Need to check novelty before this filing date? Find Prior Art

Description

[Technical field]

[0001] The present invention relates to an information processing device, an information processing method, and a program. [Background technology]

[0002] In recent years, technologies such as Augmented Reality (AR) and Mixed Reality (MR) have emerged. These technologies use devices such as Head Mounted Displays (HMD), smartphones equipped with cameras, and tablet terminals. By using the cameras of these devices, it is possible to generate images in which virtual objects are superimposed on real space.

[0003] In Patent Document 1, a user wearing an HMD makes a hand gesture of a trimming pose in front of the user, and a shooting frame determined by the hand gesture is displayed in the AR space seen by the user. Then, a camera mounted on the HMD captures an image within the range indicated by the shooting frame. This hand gesture approach allows the angle of view to be determined by an intuitive operation, so that the user can easily perform shooting. [Prior art documents] [Patent documents]

[0004] [Patent Document 1] Patent Publication No. 2022-6502 Summary of the Invention [Problem to be solved by the invention]
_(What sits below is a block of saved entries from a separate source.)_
text \<open>A positive semidefinite matrix with a vanishing diagonal entry vanishes in that column:
test positivity on \<open>e\<^sub>i - t \<rho>(j,i) e\<^sub>j\<close> for large real \<open>t\<close>.\<close>

lemma psd_diag_zero_imp_col_zero:
  fixes \<rho> :: "complex mat"
  assumes herm: "\<forall>i<n. \<forall>j<n. \<rho> $$ (j,i) = cnj (\<rho> $$ (i,j))"
    and psd: "\<forall>v :: complex vec. dim_vec v = n \<longrightarrow>
                0 \<le> Re (\<Sum>i<n. \<Sum>j<n. cnj (v $ i) * \<rho> $$ (i,j) * v $ j)"
    and ij: "i < n" "j < n" and diag: "\<rho> $$ (j,j) = 0"
  shows "\<rho> $$ (i,j) = 0"
proof (rule ccontr)
  assume "\<rho> $$ (i,j) \<noteq> 0"
  define r where "r = \<rho> $$ (i,j)"
  define t where "t = (\<bar>Re (\<rho> $$ (i,i))\<bar> + 1) / (2 * (cmod r)\<^sup>2)"
  define x where "x = - complex_of_real t * cnj r"
  define v where "v = vec n (\<lambda>k. if k = i then 1 else if k = j then x else 0)"
  have "i \<noteq> j"
    using \<open>\<rho> $$ (i,j) \<noteq> 0\<close> diag by auto
  have "r * cnj r = complex_of_real ((cmod r)\<^sup>2)"
    using complex_norm_square[of r] by (simp del: of_real_power)
  then have "r * x + cnj x * cnj r = - complex_of_real (2 * t * (cmod r)\<^sup>2)"
    by (simp add: x_def algebra_simps)
  also have "2 * t * (cmod r)\<^sup>2 = \<bar>Re (\<rho> $$ (i,i))\<bar> + 1"
    using \<open>\<rho> $$ (i,j) \<noteq> 0\<close> by (simp add: t_def r_def)
  finally have cross: "r * x + cnj x * cnj r = - complex_of_real (\<bar>Re (\<rho> $$ (i,i))\<bar> + 1)" .
  have quad: "(\<Sum>k<n. \<Sum>l<n. cnj (v $ k) * \<rho> $$ (k,l) * v $ l)
      = \<rho> $$ (i,i) + (r * x + cnj x * cnj r)"
  proof -
    have v: "v $ i = 1" "v $ j = x" "\<And>l. l < n \<Longrightarrow> l \<noteq> i \<Longrightarrow> l \<noteq> j \<Longrightarrow> v $ l = 0"
      using ij \<open>i \<noteq> j\<close> by (simp_all add: v_def)
    have "\<rho> $$ (j,i) = cnj r"
      using herm ij unfolding r_def by blast
    have "(\<Sum>k<n. \<Sum>l<n. cnj (v $ k) * \<rho> $$ (k,l) * v $ l)
        = (\<Sum>k\<in>{i,j}. \<Sum>l\<in>{i,j}. cnj (v $ k) * \<rho> $$ (k,l) * v $ l)"
      using ij \<open>i \<noteq> j\<close> v(3) by (rule quadratic_form_two_support)
    also have "\<dots> = cnj (v $ i) * \<rho> $$ (i,i) * v $ i + cnj (v $ i) * \<rho> $$ (i,j) * v $ j
        + (cnj (v $ j) * \<rho> $$ (j,i) * v $ i + cnj (v $ j) * \<rho> $$ (j,j) * v $ j)"
      using \<open>i \<noteq> j\<close> by simp
    also have "\<dots> = \<rho> $$ (i,i) + (r * x + cnj x * cnj r)"
      using v \<open>\<rho> $$ (j,i) = cnj r\<close> diag by (simp add: r_def)
    finally show ?thesis .
  qed
  have "0 \<le> Re (\<Sum>k<n. \<Sum>l<n. cnj (v $ k) * \<rho> $$ (k,l) * v $ l)"
    using psd by (simp only: v_def dim_vec)
  also have "\<dots> = Re (\<rho> $$ (i,i)) - (\<bar>Re (\<rho> $$ (i,i))\<bar> + 1)"
    by (simp only: quad cross plus_complex.sel uminus_complex.sel Re_complex_of_real diff_conv_add_uminus)
  finally show False
    by linarith
qed

lemma state_diag_zero_imp_col_zero:
  assumes "is_state n \<rho>" "i < n" "j < n" "\<rho> $$ (j,j) = 0"
  shows "\<rho> $$ (i,j) = 0"
  using assms psd_diag_zero_imp_col_zero[of n \<rho> i j] unfolding is_state_def by blast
[0005] However, in the technology of Patent Document 1, the user needs to form a trimming pose by hand gesture at the timing of shooting. Therefore, the user's arm may become tired before the timing of shooting arrives, and the position of the shooting frame may change due to the fatigue. In addition, when taking a trimming pose in an AR space, the shadow of the user's hand may be reflected on the subject. For this reason, the processing intended by the user may not be executed.

[0006] Therefore, an object of the present invention is to enable a user to realize an intended process by using a specific hand gesture. [Means for solving the problem]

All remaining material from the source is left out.